CAPE CANAVERAL, Fla. (AP) — In what's expected to be the last time ever, both of NASA's shuttle launch pads are occupied. Atlantis is on one, primed for a flight this coming week to the Hubble Space Telescope. Endeavour sits on the other a mile away for a mission no one wants.
Endeavour is on unprecedented standby in case the seven astronauts who go up on Atlantis need to be rescued.
Atlantis and its crew are headed into space for one last repair job on the 19-year-old Hubble Space Telescope. It's a venture that was canceled five years ago because it was considered too dangerous. After a more recent delay, the launch finally is scheduled for Monday.
The risk is this: If Atlantis suffers serious damage during launch or in flight, the astronauts will not be at the international space station, where they could take refuge for weeks while awaiting a ride home. They would be stranded on their spacecraft at the Hubble, where NASA estimates they could stay alive for 25 days before running out of air.
Endeavour and four more astronauts would need to blast off on a rescue flight after NASA determined Atlantis was too damaged to fly home.
The Atlantis astronauts say there's a slim chance any rescue will be needed, and they say they would fly to Hubble even if there were no such backup plan.
Scott Altman, Atlantis' commander, said it may seem like overkill, but having a rescue ship on the pad is the right thing to do.
"It's kind of a belt-and-suspenders approach. But if you need the belt after your suspenders fail, you would be glad you had it," said Altman, a retired Navy captain and former fighter pilot.

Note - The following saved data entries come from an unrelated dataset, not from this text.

lemma half_sign_lower_of_broken_median_tie:
  assumes fin: "finite P" and ref: "order_refines P h h'" and ties: "no_triple_ties P h"
    and med: "median_tie P h p q" and lt: "h' p < h' q"
  shows "half_sign P h' p = - 1"
proof -
  have p: "p \<in> P" and q: "q \<in> P" and pq: "p \<noteq> q" "h p = h q"
    using med unfolding median_tie_def by auto
  have partner: "y = q" if "y \<in> P" "y \<noteq> p" "h y = h p" for y
    using ties p q pq that unfolding no_triple_ties_def by metis
  have "{x \<in> P. h x = h p \<and> h' p < h' x} = {q}"
    using partner q pq lt by auto
  moreover have "{x \<in> P. h x = h p \<and> h' x < h' p} = {}"
    using partner lt by (auto dest: less_asym)
  ultimately have "strictly_above P h' p = insert q (strictly_above P h p)"
    and below: "strictly_below P h' p = strictly_below P h p"
    unfolding strictly_above_refine[OF ref p] strictly_below_refine[OF ref p] by auto
  moreover have "q \<notin> strictly_above P h p" "finite (strictly_above P h p)"
    using fin pq by (simp_all add: strictly_above_def)
  ultimately have "card (strictly_above P h' p) = card (strictly_above P h p) + 1"
    by simp
  then have "\<not> 2 * card (strictly_above P h' p) < card P"
    and "2 * card (strictly_below P h' p) < card P"
    using med unfolding below median_tie_def by linarith+
  then show ?thesis unfolding half_sign_def by simp
qed

lemma half_sign_upper_of_broken_median_tie:
  assumes "finite P" "order_refines P h h'" "no_triple_ties P h"
    and "median_tie P h p q" "h' p < h' q"
  shows "half_sign P h' q = 1"
  using half_sign_lower_of_broken_median_tie[of P "\<lambda>x. - h x" "\<lambda>x. - h' x" q p] assms
  by (simp add: order_refines_uminus no_triple_ties_uminus median_tie_uminus median_tie_sym
      half_sign_uminus)

lemma half_sign_median_tie: "median_tie P h p q \<Longrightarrow> half_sign P h p = 0"
  unfolding median_tie_def half_sign_def by simp

lemma sum_half_sign_refine:
  assumes fin: "finite P" and ev: "even (card P)" and ref: "order_refines P h h'"
    and ties: "no_triple_ties P h" and B: "B \<subseteq> P"
    and sep: "\<And>p q. median_tie P h p q \<Longrightarrow> p \<in> B \<longleftrightarrow> q \<in> B"
  shows "(\<Sum>r\<in>B. half_sign P h' r) = (\<Sum>r\<in>B. half_sign P h r)"
proof (cases "\<exists>p q. median_tie P h p q \<and> h' p < h' q")
  case False
  have "\<forall>x\<in>P. median_tie P h r x \<longrightarrow> h' x = h' r" for r
    using False median_tie_sym by (metis linorder_neqE_linordered_idom)
  then show ?thesis
    using half_sign_refine_eq[OF fin ev ref ties] B by (intro sum.cong) auto
next
  case True
  then obtain p q where med: "median_tie P h p q" and lt: "h' p < h' q" by blast
  then have pq: "p \<in> P" "q \<in> P" "p \<noteq> q" unfolding median_tie_def by auto
  have rest: "half_sign P h' r = half_sign P h r" if "r \<in> P" "r \<notin> {p, q}" for r
    using that median_tie_unique[OF fin ties med]
    by (intro half_sign_refine_eq[OF fin ev ref ties]) auto
  have pair: "half_sign P h' p + half_sign P h' q = half_sign P h p + half_sign P h q"
    using half_sign_lower_of_broken_median_tie[OF fin ref ties med lt]
      half_sign_upper_of_broken_median_tie[OF fin ref ties med lt]
      half_sign_median_tie[OF med] half_sign_median_tie[OF median_tie_sym[OF med]]
    by simp
  have finB: "finite B" using fin B by (rule finite_subset[rotated])
  show ?thesis
  proof (cases "p \<in> B")
    case True
    then have sub: "{p, q} \<subseteq> B" using sep[OF med] by simp
    have "(\<Sum>r\<in>B - {p, q}. half_sign P h' r) = (\<Sum>r\<in>B - {p, q}. half_sign P h r)"
      using rest B by (intro sum.cong) auto
    then show ?thesis
      unfolding sum.subset_diff[OF sub finB] using pq pair by simp
  next
    case False
    then have "q \<notin> B" using sep[OF med] by simp
    then show ?thesis using False rest B by (intro sum.cong) auto
  qed
qed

On top of the usual launch and landing dangers, the Atlantis crew faces an estimated 1-in-229 chance that a piece of space junk or a micrometeoroid will cause catastrophic damage to their ship. Those are greater odds than for a typical shuttle flight because of Hubble's extremely high and debris-littered orbit 350 miles up.
To better their odds, Atlantis astronauts will fly to a lower, cleaner altitude as soon as they complete work on Hubble.
In addition, the astronauts will inspect their spacecraft for signs of damage before reaching Hubble and again after leaving it, just as shuttle crews always do in orbit.
NASA has had a rescue plan in case of irreparable damage ever since space shuttles resumed flying following the 2003 Columbia tragedy. Columbia was hit by fuel-tank foam during liftoff, and its left wing melted from the inside out during re-entry. The shuttle broke apart, and all seven astronauts were killed.
But there has never been a need to have the rescue ship at the launch pad, all primed and ready to go. That's because all the missions since then have been to the space station, where astronauts could camp out for two months. And all shuttle voyages after this one will go there as well.
The Hubble mission offers no such safe haven. The telescope and space station are in different orbits, and Atlantis could never get to the space station from Hubble. That's why the Hubble repair mission was canceled in 2004; NASA's boss at the time deemed it too dangerous.
A new NASA regime reversed that decision, once space shuttles were flying safely again and repair methods were developed for spacewalking astronauts. The caveat was that another shuttle be on the launch pad, all prepped and ready to fly — something never before attempted.
NASA took similar steps in 1973 during its first space station program, Skylab. But a rescue was never needed.
Once Atlantis is aloft, "if it even begins to smell" like a rescue might be needed, final preparations for Endeavour will begin, said launch director Mike Leinbach. Endeavour will be seven days from flying at the time of Atlantis' launch. Even if there is no immediate indication of launch damage, preparations will continue until Endeavour reaches the three-days-from-lifting-off mark. NASA will keep it at that three-day point until Atlantis is back on Earth.
NASA assigned a new, fresher four-man crew to the rescue mission, after the Hubble mission suffered a seven-month delay last fall. A telescope breakdown caused the postponement.
If Atlantis suffered damage too severe for repairs, the rescue craft would fly up and use a 50-foot robot arm to grab the crippled shuttle. The Atlantis astronauts would put on spacesuits and float, a few at a time, to Endeavour. Endeavour would return home with all 11 astronauts.
The toughest call, officials say, would be deciding that Atlantis indeed had serious enough damage that a rescue should be tried.
"This will be an emotional thing," Leinbach said.
Such a rescue would put four more astronauts at risk and would mean the end of Atlantis, and undoubtedly the space shuttle program, which is set to be phased out in 2010. Atlantis would be sent into the Pacific once its astronauts were aboard Endeavour.
It would rank right up there with the drama of Apollo 13, according to some NASA managers. For Leinbach, it would be the most important thing NASA has ever done, period.
Altman realizes that if pressed into service, Endeavour might not get off in time. Storms or a last-second engine shutdown could keep it grounded.
"There's no guarantee it would get there," Altman said in an interview with The Associated Press. "On the other hand, you look at how many things would have to go wrong to make it not possible to pull off. ...
"There's a scenario out there that doesn't have a happy ending, and I think we all have to come to grips with that before launch."